If you have ever shaken hands with a rock climber, guitarist or builder then you might have noticed just how tough their skin is. This can be a painful experience, a bit like grabbing sandpaper. Chances are that you will have figured that their tough skin is down to their regular use of their hands, but what precisely is going on here that makes the skin so tough?
The answer is that they have likely developed calluses – which are areas of toughened sin that are thicker and harder than other areas. These develop in response to friction and can develop in any area that is regularly exposed to friction. For most people the most likely area to have calluses is on the toes, which will be the result of rubbing against the inside of the shoe. You might also notice a small lump on the inside of your middle finger, which is caused by repeatedly writing and resting a pen or pencil there.
How Calluses Form
The big question though is how they form, and what precisely is going on biologically.
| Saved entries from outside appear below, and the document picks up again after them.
(* Let $v_0$ be $C^4$ on $\mathbb{R}$ with bounded derivatives up to order $4$ and $v_0(x)\to0$ as $|x|\to\infty$; let $c$ be continuous and bounded on $[0,\infty)\times\mathbb{R}$, $C^1$ on $]0,\infty)\times\mathbb{R}$, with space derivatives up to order $4$ continuous and bounded on $]0,\infty)\times\mathbb{R}$. Fix $t>0$, and for each integer $n\ge1$ let $v_n^{(t)}$ be the function on $[0,t]\times\mathbb{R}$ constructed by: $\tau_k=\frac{kt}{2n}$, $v_n^{(t)}(0,\cdot)=v_0$, and for $k=0,\dots,n-1$, $$v_n^{(t)}(\tau,x)=\big(U_{2(\tau-\tau_{2k})}v_n^{(t)}(\tau_{2k},\cdot)\big)(x)\ (\tau\in[\tau_{2k},\tau_{2k+1}]),\qquad v_n^{(t)}(\tau,x)=e^{-2c(\tau_{2k+2},x)(\tau-\tau_{2k+1})}v_n^{(t)}(\tau_{2k+1},x)\ (\tau\in[\tau_{2k+1},\tau_{2k+2}]),$$ with $U_0=\mathrm{id}$ and $(U_sf)(x)=\int_{\mathbb{R}}(2\pi\,\mathrm{sh}(2s))^{-1/2}\exp\big(-\frac12\big((x^2+z^2)\frac{\mathrm{ch}(2s)}{\mathrm{sh}(2s)}-\frac{2xz}{\mathrm{sh}(2s)}\big)\big)f(z)\,dz$ for $s>0$. Then for each $x\in\mathbb{R}$ there exists $C>0$, depending on $t$ and $x$, such that for all $j\in\{0,\dots,4\}$, all $n\in\mathbb{N}^*$, all $k\in\{0,\dots,n-1\}$ and all $\tau\in\big[\frac{kt}{n},\frac{(k+1)t}{n}\big]$, $$\Big|\frac{\partial^jv_n^{(t)}}{\partial x^j}(\tau,x)\Big|\le C.$$
   Context: $\mathrm{ch},\mathrm{sh}$ are hyperbolic cosine and sine. *)

theory Defs
  imports "HOL-Analysis.Analysis"
begin

definition Ukernel :: "real \<Rightarrow> real \<Rightarrow> real \<Rightarrow> real" where
  "Ukernel s x z = (2 * pi * sinh (2 * s)) powr (-1/2) *
     exp (-(1/2) * ((x^2 + z^2) * cosh (2 * s) / sinh (2 * s) - 2 * x * z / sinh (2 * s)))"

definition Uop :: "real \<Rightarrow> (real \<Rightarrow> real) \<Rightarrow> real \<Rightarrow> real" where
  "Uop s f x = (if s = 0 then f x else (\<integral>z. Ukernel s x z * f z \<partial>lborel))"

definition gtau :: "real \<Rightarrow> nat \<Rightarrow> nat \<Rightarrow> real" where
  "gtau t n j = real j * t / (2 * real n)"

text \<open>node t n c v0 k = v_n^(t)(tau_{2k}, .)\<close>
fun node :: "real \<Rightarrow> nat \<Rightarrow> (real \<Rightarrow> real \<Rightarrow> real) \<Rightarrow> (real \<Rightarrow> real) \<Rightarrow> nat \<Rightarrow> real \<Rightarrow> real" where
  "node t n c v0 0 = v0"
| "node t n c v0 (Suc k) = (\<lambda>x.
     exp (- 2 * c (gtau t n (2*k+2)) x * (gtau t n (2*k+2) - gtau t n (2*k+1))) *
     Uop (2 * (gtau t n (2*k+1) - gtau t n (2*k))) (node t n c v0 k) x)"

text \<open>The function v_n^(t)(tau, x) for tau in [0,t]. The index m selects the subinterval
  [tau_m, tau_{m+1}] (clamped to m \<le> 2n-1); even m = 2k: diffusion step, odd m = 2k+1: potential step.\<close>
definition vn :: "real \<Rightarrow> nat \<Rightarrow> (real \<Rightarrow> real \<Rightarrow> real) \<Rightarrow> (real \<Rightarrow> real) \<Rightarrow> real \<Rightarrow> real \<Rightarrow> real" where
  "vn t n c v0 \<tau> x =
    (let m = min (2*n - 1) (nat \<lfloor>\<tau> / (t / (2 * real n))\<rfloor>); k = m div 2 in
     if even m then Uop (2 * (\<tau> - gtau t n (2*k))) (node t n c v0 k) x
     else exp (- 2 * c (gtau t n (2*k+2)) x * (\<tau> - gtau t n (2*k+1))) *
          Uop (2 * (gtau t n (2*k+1) - gtau t n (2*k))) (node t n c v0 k) x)"

end

theory Submission
  imports Defs "HOL-Probability.Distributions"
begin

text \<open>For every function produced by the scheme we keep track of its first \<open>N\<close> derivatives
  \<open>D 0, \<dots>, D N\<close> together with a bound \<open>\<bar>D j x\<bar> \<le> B cosh (j x)\<close>. After the substitution
  \<open>z = x / ch(2s) + sqrt (th(2s)) u\<close> the diffusion step \<open>U\<^sub>s\<close> becomes a Gaussian average of \<open>f\<close>
  multiplied by \<open>ch(2s)\<^sup>-\<^sup>1\<^sup>/\<^sup>2 exp (- th(2s) x\<^sup>2 / 2)\<close>; differentiating under the integral and
  applying Leibniz's rule multiplies \<open>B\<close> by \<open>exp (O (th(2s))) = exp (O(s))\<close>. The potential step
  multiplies by \<open>exp (- 2 c h)\<close>, whose derivatives are \<open>O(h)\<close>, and so multiplies \<open>B\<close> by
  \<open>exp (O(h))\<close>. Over the \<open>n\<close> steps of length \<open>t / n\<close> the bound grows by a factor \<open>exp (O(t))\<close>
  independent of \<open>n\<close>, and at a fixed \<open>x\<close> the weight \<open>cosh (4 x)\<close> is a constant.\<close>

lemma cosh_add_le: "cosh (a + b :: real) \<le> cosh a * exp \<bar>b\<bar>"
proof -
  have "exp (a + b) \<le> exp a * exp \<bar>b\<bar>" "exp (- (a + b)) \<le> exp (- a) * exp \<bar>b\<bar>"
    by (simp_all flip: exp_add)
  then show ?thesis
    unfolding cosh_def by (simp add: field_simps)
qed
The answer is that calluses are actually the result of additional layers added to your skin. Normally your skin is made up from a number of different layers made from different types of cell. On the outermost surface are hardened, dead skin cells – normally piled in a layer roughly twenty five cells thick. These cells act as a nice ‘buffer’, meaning that when you scrape your hand or your finger, you simply scrape off dead skin cells rather than the healthy living ones underneath.
When you brush away these cells though, your body recognises they’re gone and responds by creating more. If you keep scraping them away, then your body gets used to replenishing them more quickly and assumes that’s how quickly you need them. Eventually it begins replacing the skin there more quickly than you can get rid of it… and that’s what you call a callus.
When a Callus Becomes a Corn
In some cases calluses can grow too much, in which case they can become ‘corns’. These are similar thick areas of skin that dig into the soft skin underneath and become painful. These are most common on the feet, and if you have corns then you should see a podiatrist who can use a scalpel to trim them down or a chemical treatment to soften/remove them.